Regular sand will work, and aquarium safe fertilizers could be used. Such as these products: http://www.petsmart.com/family/inde...ET/2769136&fbc=1&fbn=Taxonomy|Live+Plant+Care

EDIT: Just noticed your tabs where on there, hah. Also, there is a bag of plant substrate you can get that will work perfectly. Use that under your regular sand, it will work great!


----------



## TheOldSalt (Jan 28, 2005)

Other garden soils will work fine, just stay away from Miracle Gro, since it is heavily fortified with fertilizer, which means your tank would be algae-ville.
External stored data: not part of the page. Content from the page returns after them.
lemma top_view_lifted_net:
  assumes "nets_parallel m n (top_view_net F) G" "i \<le> m" "j \<le> n"
  shows "top_view (lifted_net G i j) = G i j"
proof -
  have "top_view (lifted_net G i j) - G i j = top_view (lifted_net G 0 0) - G 0 0"
  proof (rule grid_constant[OF _ assms(2,3)], intro allI impI)
    fix i j i' j' assume edge: "net_edge m n i j i' j'"
    have "top_view (lifted_net G i' j') - top_view (lifted_net G i j) = G i' j' - G i j"
      using lifted_net_edge[OF assms(1) edge] top_view_lifted_edge[OF assms(1) edge]
      by (metis top_view_diff)
    then show "top_view (lifted_net G i' j') - G i' j' = top_view (lifted_net G i j) - G i j"
      by (simp add: algebra_simps)
  qed
  then show ?thesis
    by (simp add: lifted_net_def)
qed

lemma nets_parallel_lifted_net:
  assumes "nets_parallel m n (top_view_net F) G"
  shows "nets_parallel m n F (lifted_net G)"
  unfolding nets_parallel_iff_edges
  using lifted_net_edge[OF assms] lifted_edge_parallel by metis

lemma lifted_net_top_view:
  assumes "\<And>i j. i \<le> m \<Longrightarrow> j \<le> n \<Longrightarrow> G i j = top_view (F i j)" "i \<le> m" "j \<le> n"
  shows "lifted_net G i j = F i j"
proof -
  have grid: "i \<le> m" "j \<le> n" "i' \<le> m" "j' \<le> n" if "net_edge m n i j i' j'" for i j i' j'
    using that by (auto simp: net_edge_def)
  have edge: "G i' j' - G i j = top_view (F i' j' - F i j)"
    if "net_edge m n i j i' j'" for i j i' j'
    using assms(1) grid[OF that] by simp
  then have parallel: "nets_parallel m n (top_view_net F) G"
    unfolding nets_parallel_iff_edges top_view_net_def by (metis scaleR_one top_view_diff)
  have "lifted_net G i j - F i j = lifted_net G 0 0 - F 0 0"
  proof (rule grid_constant[OF _ assms(2,3)], intro allI impI)
    fix i j i' j' assume e: "net_edge m n i j i' j'"
    have "lifted_net G i' j' - lifted_net G i j = F i' j' - F i j"
      using lifted_net_edge[OF parallel e] top_view_edge_nonzero[OF e]
      by (simp add: lifted_edge_def edge[OF e])
    then show "lifted_net G i' j' - F i' j' = lifted_net G i j - F i j"
      by (simp add: algebra_simps)
  qed
  then show ?thesis
    using assms(1)[of 0 0] by (simp add: lifted_net_def)
qed

lemma continuous_on_lifted_net:
  assumes "\<And>i j. i \<le> m \<Longrightarrow> j \<le> n \<Longrightarrow> continuous_on S (\<lambda>t. G t i j)" "i \<le> m" "j \<le> n"
  shows "continuous_on S (\<lambda>t. lifted_net (G t) i j)"
  unfolding lifted_net_def grid_integral_def
  using assms by (intro continuous_intros continuous_on_lifted_edge assms) auto

lemma deformable_planar_top_view_imp_deformable_iso:
  assumes "deformable_planar m n (top_view_net F)"
  shows "deformable_iso m n F"
proof -
  obtain a b t0 :: real and Q where "a < b" "t0 \<in> {a..b}"
    and start: "\<And>i j. i \<le> m \<Longrightarrow> j \<le> n \<Longrightarrow> Q t0 i j = top_view_net F i j"
    and cont: "\<And>i j. i \<le> m \<Longrightarrow> j \<le> n \<Longrightarrow> continuous_on {a..b} (\<lambda>t. Q t i j)"
    and nets: "\<And>t. t \<in> {a..b} \<Longrightarrow> is_net2 m n (Q t)"
    and parallel: "\<And>t. t \<in> {a..b} \<Longrightarrow> nets_parallel m n (top_view_net F) (Q t)"
    and areas: "\<And>t i j. t \<in> {a..b} \<Longrightarrow> i < m \<Longrightarrow> j < n \<Longrightarrow>
      quad_area2 (Q t i j) (Q t (Suc i) j) (Q t (Suc i) (Suc j)) (Q t i (Suc j))
        = quad_area2 (top_view_net F i j) (top_view_net F (Suc i) j)
            (top_view_net F (Suc i) (Suc j)) (top_view_net F i (Suc j))"
    and noncongruent: "\<And>s t. s \<in> {a..b} \<Longrightarrow> t \<in> {a..b} \<Longrightarrow> eucl_congruent m n (Q s) (Q t) \<Longrightarrow> s = t"
    using assms unfolding deformable_planar_def by (elim deformable_genE) (rule that)
  define P where "P t = lifted_net (Q t)" for t
  have top: "top_view (P t i j) = Q t i j" if "t \<in> {a..b}" "i \<le> m" "j \<le> n" for t i j
    unfolding P_def using top_view_lifted_net[OF parallel] that by blast
  show ?thesis
    unfolding deformable_iso_def
  proof (rule deformable_genI[where P = P, OF \<open>a < b\<close> \<open>t0 \<in> {a..b}\<close>])
    show "P t0 i j = F i j" if "i \<le> m" "j \<le> n" for i j
      unfolding P_def using start that by (intro lifted_net_top_view) (auto simp: top_view_net_def)
    show "continuous_on {a..b} (\<lambda>t. P t i j)" if "i \<le> m" "j \<le> n" for i j
      unfolding P_def using cont that by (rule continuous_on_lifted_net)
    fix t assume t: "t \<in> {a..b}"
    show parallel_P: "nets_parallel m n F (P t)"
      unfolding P_def using parallel[OF t] by (rule nets_parallel_lifted_net)
    show "is_net3 m n (P t)"
      using nets[OF t] top[OF t] unfolding is_net3_iff_is_net2_top_view[OF parallel_P]
      by (simp add: is_net2_def top_view_net_def)
    show "iso_quad_area (P t i j) (P t (Suc i) j) (P t (Suc i) (Suc j)) (P t i (Suc j)) =
      iso_quad_area (F i j) (F (Suc i) j) (F (Suc i) (Suc j)) (F i (Suc j))" if "i < m" "j < n" for i j
      using areas[OF t that] top[OF t] that by (simp add: iso_quad_area_def top_view_net_def)
  next
    fix s t assume "s \<in> {a..b}" "t \<in> {a..b}" "iso_congruent m n (P s) (P t)"
    then have "eucl_congruent m n (top_view_net (P s)) (top_view_net (P t))"
      by (simp add: iso_congruent_imp_eucl_congruent_top_view)
    with \<open>s \<in> {a..b}\<close> \<open>t \<in> {a..b}\<close> show "s = t"
      by (intro noncongruent) (simp_all add: eucl_congruent_def top_view_net_def top)
  qed
qed

end

theorem lemma11:
  fixes m n :: nat and F :: "nat \<Rightarrow> nat \<Rightarrow> real^3"
  assumes "1 \<le> m" and "1 \<le> n"
    and "is_net3 m n F"
    and "\<forall>i<m. \<forall>j<n. in_nonisotropic_plane (F i j) (F (Suc i) j) (F (Suc i) (Suc j)) (F i (Suc j))"
  shows "deformable_iso m n F \<longleftrightarrow> deformable_planar m n (top_view_net F)"
proof -
  interpret nonisotropic_net m n F
    using assms by unfold_locales
  show ?thesis
    using deformable_iso_imp_deformable_planar_top_view
      deformable_planar_top_view_imp_deformable_iso by blast
qed

end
Hyponex makes a pretty good mix. Try to avoid Scott's or any other brand made from wood shavings.

You'll need to add a thin layer of sand over the dirt to hold it down and keep the water clear. Do that after planting the plants.

The plants will grow like crazy.


----------



## Fishy:) (Apr 10, 2010)

Well heres what I am thinking of doing with my tank. Getting like 3 danios to cycle the tank. Then slowly add fish until Im done stocking it. Then add plants. So I was just thinking of putting in sand when I am doing all of this. And then when I add my plants, Ill put plant food tabs in there(in the sand) for the nutrients. Can I do all of that before I add plants and all? Ill just take out half of the water, so that I can do everytnhing easier.


----------



## Mikaila31 (Nov 29, 2009)

Yes regular organic untreated soil is fine in a tank and works wonders if you cap it with sand/gravel. Miracle grow is heavily enriched soil with lots of added nutrients. These will quickly be drawn out into the water. You'll have high nitrates, high phosphates, ect. When water becomes so nutrient rich you will get a monster algae bloom. The main issue with these enriched soils is they contain ammonia and urea compounds which make a great source of nitrogen for plants, however they will also kill your fish.


----------